RECORDS SUPPLIED Start Marker

lemma has_field_derivative_cerf_combination:
  "(cerf_combination w has_field_derivative (exp (2 * z * w - z ^ 2) - exp (w ^ 2 - z ^ 2)) / 2) (at z)"
proof -
  define p where "p = complex_of_real (sqrt pi)"
  have D: "(cerf_combination w has_field_derivative
      p / 4 * exp (w ^ 2) * (2 / p * exp (- ((z - w) ^ 2)) * 1 - 2 / p * exp (- (z ^ 2)))) (at z)"
    unfolding cerf_combination_def[abs_def] p_def
    by (intro DERIV_cmult DERIV_diff DERIV_add has_field_derivative_cerf_compose has_field_derivative_cerf
        DERIV_const derivative_eq_intros) auto
  have "p \<noteq> 0"
    by (simp add: p_def)
  then have "p / 4 * exp (w ^ 2) * (2 / p * exp (- ((z - w) ^ 2)) * 1 - 2 / p * exp (- (z ^ 2)))
      = (exp (w ^ 2) * exp (- ((z - w) ^ 2)) - exp (w ^ 2) * exp (- (z ^ 2))) / 2"
    by (simp add: field_simps)
  also have "\<dots> = (exp (2 * z * w - z ^ 2) - exp (w ^ 2 - z ^ 2)) / 2"
    unfolding mult_exp_exp by (simp add: power2_eq_square algebra_simps)
  finally show ?thesis
    using D by (simp only:)
qed

lemma kappahat_lim_eq_cerf_combination:
  "kappahat_lim z w = (2 * w ^ 2 - 1) * (ode_sol_even z * cerf_combination w z)
     - (2 * w ^ 2 - 1) / 2 * exp (w ^ 2) * z + w / 2 * ode_sol_even z - (z - w) / 2 * exp (2 * z * w)"
  unfolding kappahat_lim_def cerf_combination_def ode_sol_even_def exp_add by (simp add: field_simps)

lemma kernel_operator_kappahat_lim:
  "kernel_operator (\<lambda>z. kappahat_lim z w) z = 4 * (z * w) ^ 3 * exp (2 * z * w)"
proof -
  define c where "c = 2 * w ^ 2 - 1"
  define u' where "u' z = (exp (2 * z * w - z ^ 2) - exp (w ^ 2 - z ^ 2)) / 2" for z
  define u'' where "u'' z = ((2 * w - 2 * z) * exp (2 * z * w - z ^ 2) + 2 * z * exp (w ^ 2 - z ^ 2)) / 2" for z
  define H1 where "H1 z = c * (ode_sol_even' z * cerf_combination w z + ode_sol_even z * u' z) - c / 2 * exp (w ^ 2)
      + w / 2 * ode_sol_even' z - (1 + 2 * w * (z - w)) * exp (2 * z * w) / 2" for z
  define H2 where "H2 z = c * (ode_sol_even'' z * cerf_combination w z + 2 * ode_sol_even' z * u' z
      + ode_sol_even z * u'' z) + w / 2 * ode_sol_even'' z - (4 * w + 4 * w ^ 2 * (z - w)) * exp (2 * z * w) / 2" for z
  have u: "(cerf_combination w has_field_derivative u' z) (at z)" "(u' has_field_derivative u'' z) (at z)" for z
    unfolding u'_def[abs_def] u''_def
    by (rule has_field_derivative_cerf_combination) (auto intro!: derivative_eq_intros simp: field_simps)
  note f1 = has_field_derivative_ode_sol_even has_field_derivative_ode_sol_even'
  have "kernel_operator (\<lambda>z. kappahat_lim z w) z = z * H2 z - (2 * z ^ 2 + 2) * H1 z - 2 * z * kappahat_lim z w"
    unfolding kappahat_lim_eq_cerf_combination c_def[symmetric]
  proof (rule kernel_operator_eq)
    show "((\<lambda>z. c * (ode_sol_even z * cerf_combination w z) - c / 2 * exp (w ^ 2) * z + w / 2 * ode_sol_even z
        - (z - w) / 2 * exp (2 * z * w)) has_field_derivative H1 z) (at z)" for z
      unfolding H1_def by (auto intro!: derivative_eq_intros f1 u simp: field_simps)
    show "(H1 has_field_derivative H2 z) (at z)" for z
      unfolding H1_def[abs_def] H2_def
      by (auto intro!: derivative_eq_intros f1 u simp: field_simps power2_eq_square)
  qed
  also have "\<dots> = 4 * (z * w) ^ 3 * exp (2 * z * w)"
  proof -
    define X where "X = exp (z ^ 2)"
    define A where "A = exp (2 * z * w - z ^ 2)"
    define B where "B = exp (w ^ 2 - z ^ 2)"
    have "exp (2 * z * w) = X * A" "exp (w ^ 2) = X * B"
      unfolding X_def A_def B_def mult_exp_exp by simp_all
    then have "2 * (z * H2 z - (2 * z ^ 2 + 2) * H1 z - 2 * z * kappahat_lim z w)
        = 2 * (4 * (z * w) ^ 3 * exp (2 * z * w))"
      unfolding kappahat_lim_eq_cerf_combination H2_def H1_def u'_def u''_def c_def ode_sol_even_def
        ode_sol_even'_def ode_sol_even''_def A_def[symmetric] B_def[symmetric] X_def[symmetric]
        ring_distribs times_divide_eq_right mult_2_right
      by algebra
    then show ?thesis
      by (rule mult_left_cancel[THEN iffD1, rotated]) simp
  qed
  finally show ?thesis .
qed
lemma pauli_expect_Un_decomposition:
  assumes "A \<inter> B = {}" "finite A" "finite B"
    and "VA \<subseteq> A" "WA \<subseteq> A" "VB \<subseteq> B" "WB \<subseteq> B"
    and decomp: "\<forall>a\<in>Pow A. \<forall>b\<in>Pow B. psi (a \<union> b) = (\<Sum>i<r. f i a * g i b)"
  shows "pauli_expect (A \<union> B) psi (VA \<union> VB) (WA \<union> WB)
       = (\<Sum>(i, j)\<in>{..<r} \<times> {..<r}. pauli_form A VA WA (f i) (f j) * pauli_form B VB WB (g i) (g j))"
proof -
  let ?R = "{..<r} \<times> {..<r}"
  let ?X = "\<lambda>a b a' b' p. (cnj (f (fst p) a) * pauli_elem VA WA a a' * f (snd p) a') *
                          (cnj (g (fst p) b) * pauli_elem VB WB b b' * g (snd p) b')"
  have "pauli_expect (A \<union> B) psi (VA \<union> VB) (WA \<union> WB)
      = (\<Sum>a\<in>Pow A. \<Sum>b\<in>Pow B. \<Sum>a'\<in>Pow A. \<Sum>b'\<in>Pow B. \<Sum>p\<in>?R. ?X a b a' b' p)"
    unfolding pauli_expect_def sum_Pow_Un[OF assms(1)]
  proof (intro sum.cong refl)
    fix a b a' b' assume "a \<in> Pow A" "b \<in> Pow B" "a' \<in> Pow A" "b' \<in> Pow B"
    with assms show "cnj (psi (a \<union> b)) * pauli_elem (VA \<union> VB) (WA \<union> WB) (a \<union> b) (a' \<union> b') *
        psi (a' \<union> b') = (\<Sum>p\<in>?R. ?X a b a' b' p)"
      by (simp add: pauli_elem_Un sum_product sum.cartesian_product sum_distrib_left
          sum_distrib_right case_prod_unfold mult_ac)
  qed
  also have "\<dots> = (\<Sum>p\<in>?R. \<Sum>a\<in>Pow A. \<Sum>b\<in>Pow B. \<Sum>a'\<in>Pow A. \<Sum>b'\<in>Pow B. ?X a b a' b' p)"
    by (simp only: sum.swap[where B="?R"])
  also have "\<dots> = (\<Sum>(i, j)\<in>?R. pauli_form A VA WA (f i) (f j) * pauli_form B VB WB (g i) (g j))"
    unfolding pauli_form_def sum_product case_prod_unfold by (simp add: mult_ac)
  finally show ?thesis .
qed

section \<open>Pauli expectations in an orthonormal Schmidt decomposition\<close>

context
  fixes n :: nat and A :: "nat set" and psi :: qstate
    and r :: nat and f g :: "nat \<Rightarrow> nat set \<Rightarrow> complex"
  assumes A_subset: "A \<subseteq> {..<n}"
    and decomp: "\<forall>a\<in>Pow A. \<forall>b\<in>Pow ({..<n} - A). psi (a \<union> b) = (\<Sum>i<r. f i a * g i b)"
    and orthonormal: "orthonormal_on (Pow ({..<n} - A)) r g"
begin
definition verts :: "'a graph \<Rightarrow> 'a set" where "verts G = fst G"
definition adj :: "'a graph \<Rightarrow> ('a \<times> 'a) set" where "adj G = snd G"

definition simple_graph :: "'a graph \<Rightarrow> bool" where
  "simple_graph G \<longleftrightarrow> finite (verts G) \<and> adj G \<subseteq> verts G \<times> verts G
     \<and> sym (adj G) \<and> irrefl (adj G)"

definition connected_graph :: "'a graph \<Rightarrow> bool" where
  "connected_graph G \<longleftrightarrow> simple_graph G \<and> verts G \<noteq> {}
     \<and> (\<forall>u\<in>verts G. \<forall>v\<in>verts G. (u, v) \<in> (adj G)\<^sup>*)"

definition gdist :: "'a graph \<Rightarrow> 'a \<Rightarrow> 'a \<Rightarrow> nat" where
  "gdist G u v = (LEAST n. (u, v) \<in> adj G ^^ n)"

definition interval :: "'a graph \<Rightarrow> 'a \<Rightarrow> 'a \<Rightarrow> 'a set" where
  "interval G u v = {w \<in> verts G. gdist G u w + gdist G w v = gdist G u v}"

definition strongly_resolves :: "'a graph \<Rightarrow> 'a \<Rightarrow> 'a \<Rightarrow> 'a \<Rightarrow> bool" where
  "strongly_resolves G w u v \<longleftrightarrow> v \<in> interval G u w \<or> u \<in> interval G v w"

definition strong_resolving_set :: "'a graph \<Rightarrow> 'a set \<Rightarrow> bool" where
  "strong_resolving_set G S \<longleftrightarrow> S \<subseteq> verts G \<and>
     (\<forall>u\<in>verts G. \<forall>v\<in>verts G. \<exists>w\<in>S. strongly_resolves G w u v)"

definition sdim :: "'a graph \<Rightarrow> nat" where
  "sdim G = (LEAST k. \<exists>S. strong_resolving_set G S \<and> card S = k)"

definition maximally_distant :: "'a graph \<Rightarrow> 'a \<Rightarrow> 'a \<Rightarrow> bool" where
  "maximally_distant G u v \<longleftrightarrow>
     (\<forall>w. (u, w) \<in> adj G \<longrightarrow> gdist G v w \<le> gdist G u v)"

definition mutually_maximally_distant :: "'a graph \<Rightarrow> 'a \<Rightarrow> 'a \<Rightarrow> bool" where
  "mutually_maximally_distant G u v \<longleftrightarrow> u \<in> verts G \<and> v \<in> verts G \<and> u \<noteq> v
     \<and> maximally_distant G u v \<and> maximally_distant G v u"

definition boundary :: "'a graph \<Rightarrow> 'a set" where
  "boundary G = {u \<in> verts G. \<exists>v. mutually_maximally_distant G u v}"

definition strong_resolving_graph :: "'a graph \<Rightarrow> 'a graph" where
  "strong_resolving_graph G =
     (boundary G, {(u, v). mutually_maximally_distant G u v})"

definition matching :: "'a graph \<Rightarrow> 'a set set \<Rightarrow> bool" where
  "matching F M \<longleftrightarrow> (\<forall>e\<in>M. \<exists>u v. e = {u, v} \<and> (u, v) \<in> adj F)
     \<and> (\<forall>e\<in>M. \<forall>e'\<in>M. e \<noteq> e' \<longrightarrow> e \<inter> e' = {})"

definition matching_number :: "'a graph \<Rightarrow> nat" where
  "matching_number F = Max {card M | M. matching F M}"

definition cart_prod :: "'a graph \<Rightarrow> 'b graph \<Rightarrow> ('a \<times> 'b) graph" where
  "cart_prod G H = (verts G \<times> verts H,
     {((a, b), (c, d)). a \<in> verts G \<and> b \<in> verts H \<and> c \<in> verts G \<and> d \<in> verts H \<and>
        ((a = c \<and> (b, d) \<in> adj H) \<or> (b = d \<and> (a, c) \<in> adj G))})"

definition K2 :: "bool graph" where
  "K2 = (UNIV, {(x, y). x \<noteq> y})"

end

theory Submission
  imports Defs
begin
lemma sets_survivors_vertical_saturation:
  assumes t: "0 \<le> t" and pA: "fst ` A \<in> sets M"
  shows "survivors M \<theta> \<phi> (vertical_saturation A) t \<in> sets N"
proof -
  have [measurable]: "Measurable.pred N (\<lambda>p. (\<theta> ^^ n) (fst p) \<in> fst ` A)" for n
    by (rule pred_sets2[OF pA]) (rule measurable_compose[OF measurable_fst measurable_compose_n[OF measurable_\<theta>]])
  have "survivors M \<theta> \<phi> (vertical_saturation A) t =
    {p \<in> space N. (0 \<le> snd p \<and> snd p < \<phi> (fst p)) \<and>
      (\<forall>n. bsum \<theta> \<phi> n (fst p) \<le> snd p + t \<longrightarrow> (\<theta> ^^ n) (fst p) \<notin> fst ` A)}"
    unfolding survivors_vertical_saturation[OF t] by (auto simp: sf_space_def space_pair_measure)
  also have "\<dots> \<in> sets N" by measurable
  finally show ?thesis .
qed

text \<open>
  The fibre over \<open>y\<close> is traversed within time \<open>\<phi> y \<le> C\<close>. So if the orbit of a point that
  survives \<open>A\<close> until \<open>t + 2 C\<close> entered the fibre over some \<open>y \<in> fst ` A\<close> at a time in
  \<open>[C, C + t]\<close>, it would meet \<open>A\<close> itself on that fibre before time \<open>t + 2 C\<close>.
\<close>
lemma survivors_subset_vimage_survivors_vertical_saturation:
  assumes t: "0 \<le> t" and A: "A \<subseteq> \<Omega>" and C: "\<And>x. x \<in> space M \<Longrightarrow> \<phi> x \<le> C" and C0: "0 \<le> C"
  shows "survivors M \<theta> \<phi> A (t + 2 * C) \<subseteq>
    {p \<in> \<Omega>. sf_flow \<theta> \<phi> C p \<in> survivors M \<theta> \<phi> (vertical_saturation A) t}"
proof
  fix p assume p: "p \<in> survivors M \<theta> \<phi> A (t + 2 * C)"
  then have pO: "p \<in> \<Omega>" by (auto simp: survivors_def)
  obtain x s where ps: "p = (x, s)" and x: "x \<in> space M" and s: "0 \<le> s" "s < \<phi> x"
    using pO by (rule sf_space_cases)
  have "sf_flow \<theta> \<phi> \<tau> (sf_flow \<theta> \<phi> C p) \<notin> vertical_saturation A" if \<tau>: "0 \<le> \<tau>" "\<tau> \<le> t" for \<tau>
  proof
    assume "sf_flow \<theta> \<phi> \<tau> (sf_flow \<theta> \<phi> C p) \<in> vertical_saturation A"
    then have inP: "sf_flow \<theta> \<phi> (C + \<tau>) p \<in> vertical_saturation A"
      using sf_flow_add[OF pO C0 \<tau>(1)] by simp
    obtain n where n: "bsum \<theta> \<phi> n x \<le> s + (C + \<tau>)" "s + (C + \<tau>) < bsum \<theta> \<phi> (Suc n) x"
      using bsum_lap_exists[OF x, of "s + (C + \<tau>)"] s \<tau> C0 by auto
    obtain s' where s': "((\<theta> ^^ n) x, s') \<in> A"
      using inP sf_flow_eq[OF x s(1) n] ps by force
    then have s'_bounds: "0 \<le> s'" "s' < \<phi> ((\<theta> ^^ n) x)" using A by (auto simp: sf_space_def)
    have "n \<noteq> 0" using n s \<tau> C[OF x] by (cases n) auto
    then have "\<phi> x \<le> bsum \<theta> \<phi> n x" using bsum_mono[OF x, of "Suc 0" n] by simp
    define \<tau>' where "\<tau>' = bsum \<theta> \<phi> n x - s + s'"
    have "bsum \<theta> \<phi> n x \<le> s + \<tau>'" "s + \<tau>' < bsum \<theta> \<phi> (Suc n) x"
      using s'_bounds by (auto simp: \<tau>'_def bsum_Suc)
    from sf_flow_eq[OF x s(1) this] have "sf_flow \<theta> \<phi> \<tau>' p = ((\<theta> ^^ n) x, s')"
      by (simp add: ps \<tau>'_def)
    moreover have "\<tau>' \<in> {0..t + 2 * C}"
      using \<open>\<phi> x \<le> _\<close> s s'_bounds C[OF funpow_in_space[OF x, of n]] n \<tau> by (auto simp: \<tau>'_def)
    ultimately show False using p s' by (auto simp: survivors_def dest: bspec[of _ _ \<tau>'])
  qed
  then show "p \<in> {p \<in> \<Omega>. sf_flow \<theta> \<phi> C p \<in> survivors M \<theta> \<phi> (vertical_saturation A) t}"
    using pO sf_flow_in_space[OF pO C0] by (auto simp: survivors_def)
qed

RECORDS SUPPLIED End Marker

Copy out the lines above exactly, beginning at the one that contains "ode_sol_even'_def ode_sol_even''_def A_def[symmetric]" and ending at the one that contains "A. \<forall>b\<in>Pow B.".

EXERCISE ANSWER.
        ode_sol_even'_def ode_sol_even''_def A_def[symmetric] B_def[symmetric] X_def[symmetric]
        ring_distribs times_divide_eq_right mult_2_right
      by algebra
    then show ?thesis
      by (rule mult_left_cancel[THEN iffD1, rotated]) simp
  qed
  finally show ?thesis .
qed
lemma pauli_expect_Un_decomposition:
  assumes "A \<inter> B = {}" "finite A" "finite B"
    and "VA \<subseteq> A" "WA \<subseteq> A" "VB \<subseteq> B" "WB \<subseteq> B"
    and decomp: "\<forall>a\<in>Pow A. \<forall>b\<in>Pow B. psi (a \<union> b) = (\<Sum>i<r. f i a * g i b)"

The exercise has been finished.